WASHINGTON, Jan 22, 2026, 13:54 EST
- Data from Webb reveal crystalline silicates forming close to the young protostar EC 53 during its regular bursts.
- The Nature study connects these crystals to “accretion bursts,” brief episodes when a young star rapidly swallows extra material from its disk.
- Researchers noted they never directly observed the grains making it to the outer disk, the region where comets typically form.
NASA’s James Webb Space Telescope detected heat-formed crystals close to a young star similar to our Sun and found evidence these crystals are drifting toward the chilly edges of its planet-forming disk, shedding fresh light on the comet mystery.
Crystalline silicates require intense heat to form, but comets in our solar system mostly linger in frigid zones far from the Sun. This new research links the crystals to the scorching inner region of a young system and to winds capable of pushing them outward—an essential piece for models explaining the mix of hot and cold materials.
Researchers analyzed Webb’s mid-infrared spectra—light broken into wavelengths that expose the chemical signatures of minerals—captured before and during a protostar outburst, the study published in Nature on Jan 21 revealed. Nature
Webb’s Mid-Infrared Instrument, known as MIRI, collected two sets of observations, enabling the team to chart the mineral distribution within the disk, NASA reported. The findings suggest crystals form in the blazing hot inner zone, at distances comparable to those between the Sun and Earth in our own solar system.

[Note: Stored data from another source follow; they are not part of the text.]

(* Let $n\ge3$. The singular locus of the triangle space $\mathcal F_{3,n}$ consists exactly of the maximally degenerate triangles, i.e. the points $(p_1,p_2,p_3,l_1,l_2,l_3,P)$ with $p_1=p_2=p_3$ and $l_1=l_2=l_3$.
   Context: $\mathcal F_{3,n}$ is the variety of 7-tuples $(p_1,p_2,p_3,l_1,l_2,l_3,P)$ of points $p_i$, lines $l_j$ and a plane $P$ in $\mathbb P^{n-1}_{\mathbb C}$ such that $p_i\in l_j$ for all $i\neq j$ and $l_j\subset P$ for all $j$; it is a closed subvariety of $(\mathbb P^{n-1})^3\times\mathrm{Gr}(2,\mathbb C^n)^3\times\mathrm{Gr}(3,\mathbb C^n)$ and equals the closure of the $GL(n,\mathbb C)$-orbit of the coordinate triangle. *)

theory Defs
  imports "HOL-Analysis.Analysis" "HOL-Library.Numeral_Type"
begin

text \<open>Points of Gr(k, C^n): complex-linear subspaces of complex^'n of complex dimension k.
  Projective space P^(n-1) is Gr 1.\<close>
definition Grass :: "nat \<Rightarrow> (complex^'n::finite) set set" where
  "Grass k = {V. vec.subspace V \<and> vec.dim V = k}"

type_synonym 'n triangle =
  "(complex^'n) set \<times> (complex^'n) set \<times> (complex^'n) set \<times>
   (complex^'n) set \<times> (complex^'n) set \<times> (complex^'n) set \<times> (complex^'n) set"
lemma ratfun_has_lim_minors_entrywise:
  fixes V :: "'a::real_normed_field poly fract mat"
  assumes V: "V \<in> carrier_mat r n"
    and lim: "\<And>i j. i < r \<Longrightarrow> j < n \<Longrightarrow> \<exists>L. ratfun_has_lim (V $$ (i, j)) L"
  obtains Vh where "Vh \<in> carrier_mat r n"
    "\<And>S. S \<subseteq> {0..<n} \<Longrightarrow> card S = r \<Longrightarrow>
      ratfun_has_lim (det (submatrix V {0..<r} S)) (det (submatrix Vh {0..<r} S))"
proof -
  define Vh where "Vh = mat r n (\<lambda>(i, j). SOME L. ratfun_has_lim (V $$ (i, j)) L)"
  have Vh: "Vh \<in> carrier_mat r n"
    by (simp add: Vh_def)
  have "ratfun_has_lim (V $$ (i, j)) (Vh $$ (i, j))" if "i < r" "j < n" for i j
    using someI_ex[OF lim[OF that]] that by (simp add: Vh_def)
  then have "ratfun_has_lim (det (submatrix V {0..<r} S)) (det (submatrix Vh {0..<r} S))"
    if "S \<subseteq> {0..<n}" "card S = r" for S
    using that V Vh pick_less[OF that(1)]
    by (intro ratfun_has_lim_det[of _ r]) (simp_all add: submatrix_all_rows)
  with Vh that show ?thesis by blast
qed

lemma ratfun_ex_dividing_member:
  fixes f :: "'b \<Rightarrow> 'a::real_normed_field poly fract"
  assumes I: "finite I" "i \<in> I" "f i \<noteq> 0"
  obtains i0 where "i0 \<in> I" "f i0 \<noteq> 0" "\<And>j. j \<in> I \<Longrightarrow> \<exists>L. ratfun_has_lim (f j / f i0) L"
proof -
  define Conv where "Conv = {h :: 'a poly fract. \<exists>L. ratfun_has_lim h L}"
  obtain x where x: "x \<in> f ` I - {0}" "\<And>y. y \<in> f ` I - {0} \<Longrightarrow> y / x \<in> Conv"
  proof (rule finite_ex_divisor_of_all[of Conv "f ` I - {0}"])
    show "g * h \<in> Conv" if "g \<in> Conv" "h \<in> Conv" for g h
      using that by (auto simp: Conv_def intro: ratfun_has_lim_mult)
    show "h \<in> Conv \<or> inverse h \<in> Conv" if "h \<noteq> 0" for h
      using ratfun_has_lim_or_inverse[OF that] by (simp add: Conv_def)
  qed (use I that in auto)
  then obtain i0 where "i0 \<in> I" "f i0 = x" "x \<noteq> 0" by blast
  moreover have "\<exists>L. ratfun_has_lim (f j / x) L" if "j \<in> I" for j
  proof (cases "f j = 0")
    case True
    then show ?thesis
      using ratfun_has_lim_of_int[of 0] by auto
  qed (use x(2)[of "f j"] that in \<open>auto simp: Conv_def\<close>)
  ultimately show ?thesis
    using that by blast
qed

lemma det_submatrix_zero_mat:
  assumes "0 < r" "S \<subseteq> {0..<n}" "card S = r"
  shows "det (submatrix (0\<^sub>m r n :: 'a::comm_ring_1 mat) {0..<r} S) = 0"
proof -
  have "submatrix (0\<^sub>m r n :: 'a mat) {0..<r} S = 0\<^sub>m r r"
    unfolding submatrix_all_rows[OF zero_carrier_mat assms(2)] assms(3)
    using pick_less[OF assms(2)] assms(3) by (auto intro: eq_matI)
  then show ?thesis
    using assms(1) by simp
qed

lemma ex_same_minors_convergent_entries:
  fixes U :: "'a::real_normed_field poly fract mat"
  assumes U: "U \<in> carrier_mat r n"
    and lim: "\<And>S. S \<subseteq> {0..<n} \<Longrightarrow> card S = r \<Longrightarrow> \<exists>L. ratfun_has_lim (det (submatrix U {0..<r} S)) L"
  obtains V where "V \<in> carrier_mat r n"
    "\<And>i j. i < r \<Longrightarrow> j < n \<Longrightarrow> \<exists>L. ratfun_has_lim (V $$ (i, j)) L"
    "\<And>S. S \<subseteq> {0..<n} \<Longrightarrow> card S = r \<Longrightarrow> det (submatrix V {0..<r} S) = det (submatrix U {0..<r} S)"
proof -
  define Fam where "Fam = {S. S \<subseteq> {0..<n} \<and> card S = r}"
  define D where "D S = det (submatrix U {0..<r} S)" for S
  consider "r = 0" | "0 < r" "\<forall>S\<in>Fam. D S = 0" | S where "0 < r" "S \<in> Fam" "D S \<noteq> 0"
    by blast
  then show ?thesis
  proof cases
    case 1
    then show ?thesis
      using that[OF U] by simp
  next
    case 2
    show ?thesis
    proof (rule that[of "0\<^sub>m r n"])
      show "det (submatrix (0\<^sub>m r n) {0..<r} S) = det (submatrix U {0..<r} S)"
        if "S \<subseteq> {0..<n}" "card S = r" for S
        using det_submatrix_zero_mat[OF 2(1) that] 2(2) that by (simp add: Fam_def D_def)
    qed (use ratfun_has_lim_of_int[of 0] in auto)
  next
    case (3 S)
    have "finite Fam"
      by (rule finite_subset[of _ "Pow {0..<n}"]) (auto simp: Fam_def)
    then obtain S0 where S0: "S0 \<in> Fam" "D S0 \<noteq> 0"
      and quotient: "\<And>T. T \<in> Fam \<Longrightarrow> \<exists>L. ratfun_has_lim (D T / D S0) L"
      using ratfun_ex_dividing_member[of Fam S D] 3(2,3) by blast
    obtain c0 where c0: "ratfun_has_lim (D S0) c0"
      using lim S0(1) by (auto simp: D_def Fam_def)
    have S0_minor: "S0 \<subseteq> {0..<n}" "card S0 = r" "det (submatrix U {0..<r} S0) \<noteq> 0"
      using S0 by (auto simp: Fam_def D_def)
    have "\<And>T. T \<subseteq> {0..<n} \<Longrightarrow> card T = r \<Longrightarrow>
        \<exists>L. ratfun_has_lim (det (submatrix U {0..<r} T) / det (submatrix U {0..<r} S0)) L"
      using quotient by (auto simp: Fam_def D_def)
    from ex_same_minors_convergent_entries_dividing_minor[OF U 3(1) S0_minor c0[unfolded D_def]
        this]
    show ?thesis
      using that by blast
  qed
qed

Jeong-Eun Lee, lead author and professor at Seoul National University, described the system’s outflows as a “cosmic highway” ferrying fresh crystals. Webb’s before-and-after images reveal precisely where this material settles during bursts. Nasa
EC 53 has been under observation for decades, and NASA notes it flares on a predictable schedule unlike many young stars. Roughly every 18 months, it kicks off a burst phase lasting about 100 days, during which it rapidly consumes gas and dust from its surrounding disk, then ejects some of that material in jets and winds.
The paper noted that the crystal signatures—tied to silicates called forsterite and enstatite—show up only during the burst, indicating rapid crystallization as the inner disk heats past roughly 900 kelvin. This heat-triggered transformation, known as thermal annealing, effectively “bakes” the dust into a stable crystal form.
Doug Johnstone, co-author from Canada’s National Research Council, called the discoveries “common minerals on Earth,” emphasizing Webb’s ability to detect specific silicates out in space. While crystalline silicates have been spotted in comets and near older stars, scientists had trouble figuring out their formation and movement until now.
The study revealed a nested outflow: a fast, narrow atomic jet encased within slower molecular flows. This fits models where magnetic fields launch winds from the disk. Joel Green, an instrument scientist at the Space Telescope Science Institute, noted that Webb can follow dust grains “smaller than a grain of sand” as the system churns.
But the Nature authors didn’t directly observe grains moving to the outer disk. Instead, they highlighted patterns that suggest outward redistribution. EC 53’s regular cycle makes it a simpler case; systems with chaotic or century-spanning eruptions would be much tougher to track through a repeating sequence.
NASA reported that EC 53 is located in the Serpens Nebula, roughly 1,300 light-years away from Earth. The protostar could stay cloaked in dust for up to 100,000 more years before its disk clears and any forming planets become visible.
On January 21, the Space Telescope Science Institute in Baltimore announced that these before-and-after images allow scientists to chart jets, outflows, and winds, pinpointing where the crystals might be traveling—sometimes all the way to the system’s outer edge. Stsci
Webb is an international effort spearheaded by NASA alongside the European Space Agency and the Canadian Space Agency. Scientists rely on it to observe star and planet formation as it happens — chaotic, luminous, and dynamic.